## [Work instruction]
From the entries that follow, pick out all lines holding "lambda".
(Data records Opens)
(* Let $G$ be a profinite group and assume that $G=H\ltimes N$ is the semidirect product of two closed subgroups $H$ and $N$ (with $N$ normal). If $H$ is a profinite-$C$ group and every open subgroup of $N$ has a $G$-invariant permutable complement in $N$, then $G$ is a profinite-$C$ group.
   Context: A permutable complement of a subgroup $H$ of a group $G$ is a subgroup $K$ with $G=HK$ and $H\cap K=1$. A profinite group $G$ is a profinite-$C$ group if every closed subgroup of $G$ has a closed permutable complement in $G$. *)

theory Defs
  imports "HOL-Analysis.Analysis" "HOL-Algebra.Coset"
begin

definition topological_group :: "('a, 'b) monoid_scheme \<Rightarrow> 'a topology \<Rightarrow> bool" where
  "topological_group G T \<longleftrightarrow> group G \<and> topspace T = carrier G \<and>
     continuous_map (prod_topology T T) T (\<lambda>(x, y). x \<otimes>\<^bsub>G\<^esub> y) \<and>
     continuous_map T T (\<lambda>x. inv\<^bsub>G\<^esub> x)"

definition profinite_group :: "('a, 'b) monoid_scheme \<Rightarrow> 'a topology \<Rightarrow> bool" where
  "profinite_group G T \<longleftrightarrow> topological_group G T \<and> compact_space T \<and> Hausdorff_space T \<and>
     (\<forall>x \<in> topspace T. connected_component_of_set T x = {x})"

definition permutable_complement :: "('a, 'b) monoid_scheme \<Rightarrow> 'a set \<Rightarrow> 'a set \<Rightarrow> bool" where
  "permutable_complement G H K \<longleftrightarrow> subgroup K G \<and> H <#>\<^bsub>G\<^esub> K = carrier G \<and> H \<inter> K = {\<one>\<^bsub>G\<^esub>}"

definition profinite_C :: "('a, 'b) monoid_scheme \<Rightarrow> 'a topology \<Rightarrow> bool" where
  "profinite_C G T \<longleftrightarrow> profinite_group G T \<and>
     (\<forall>H. subgroup H G \<and> closedin T H \<longrightarrow>
        (\<exists>K. closedin T K \<and> permutable_complement G H K))"

end

theory Submission
  imports Defs "HOL-Algebra.SndIsomorphismGrp"
begin

text \<open>
  Fix a closed subgroup \<open>X\<close> of \<open>G\<close>. By Zorn's lemma, with compactness to pass to
  intersections of chains, there is a minimal closed normal subgroup \<open>M\<close> of \<open>G\<close> inside \<open>N\<close>
  with \<open>(X \<inter> N) M = N\<close>. Minimality forces \<open>X \<inter> N \<inter> M = 1\<close>: a nontrivial \<open>a\<close> in it is
  avoided by an open normal subgroup \<open>W\<close> of the profinite group \<open>G\<close>, and if \<open>L\<close> is a
  \<open>G\<close>-invariant complement in \<open>N\<close> of the open subgroup \<open>N \<inter> (X \<inter> N \<inter> M) W\<close>, then
  \<open>M \<inter> W L\<close> is a smaller such subgroup not containing \<open>a\<close>. If now \<open>Z\<close> is a closed
  complement of \<open>H \<inter> X N\<close> in \<open>H\<close>, then \<open>Z M\<close> is a closed complement of \<open>X\<close> in \<open>G\<close>.
\<close>

section \<open>Products of subgroups\<close>

lemma in_set_mult_iff: "x \<in> A <#>\<^bsub>G\<^esub> B \<longleftrightarrow> (\<exists>a\<in>A. \<exists>b\<in>B. x = a \<otimes>\<^bsub>G\<^esub> b)"
  by (auto simp: set_mult_def)

context group
begin

lemma inv_mult_cancel [simp]: "x \<in> carrier G \<Longrightarrow> y \<in> carrier G \<Longrightarrow> inv x \<otimes> (x \<otimes> y) = y"
  by (simp add: m_assoc[symmetric])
(Data records Closes)
## [Solution]
     continuous_map (prod_topology T T) T (\<lambda>(x, y). x \<otimes>\<^bsub>G\<^esub> y) \<and>
     continuous_map T T (\<lambda>x. inv\<^bsub>G\<^esub> x)"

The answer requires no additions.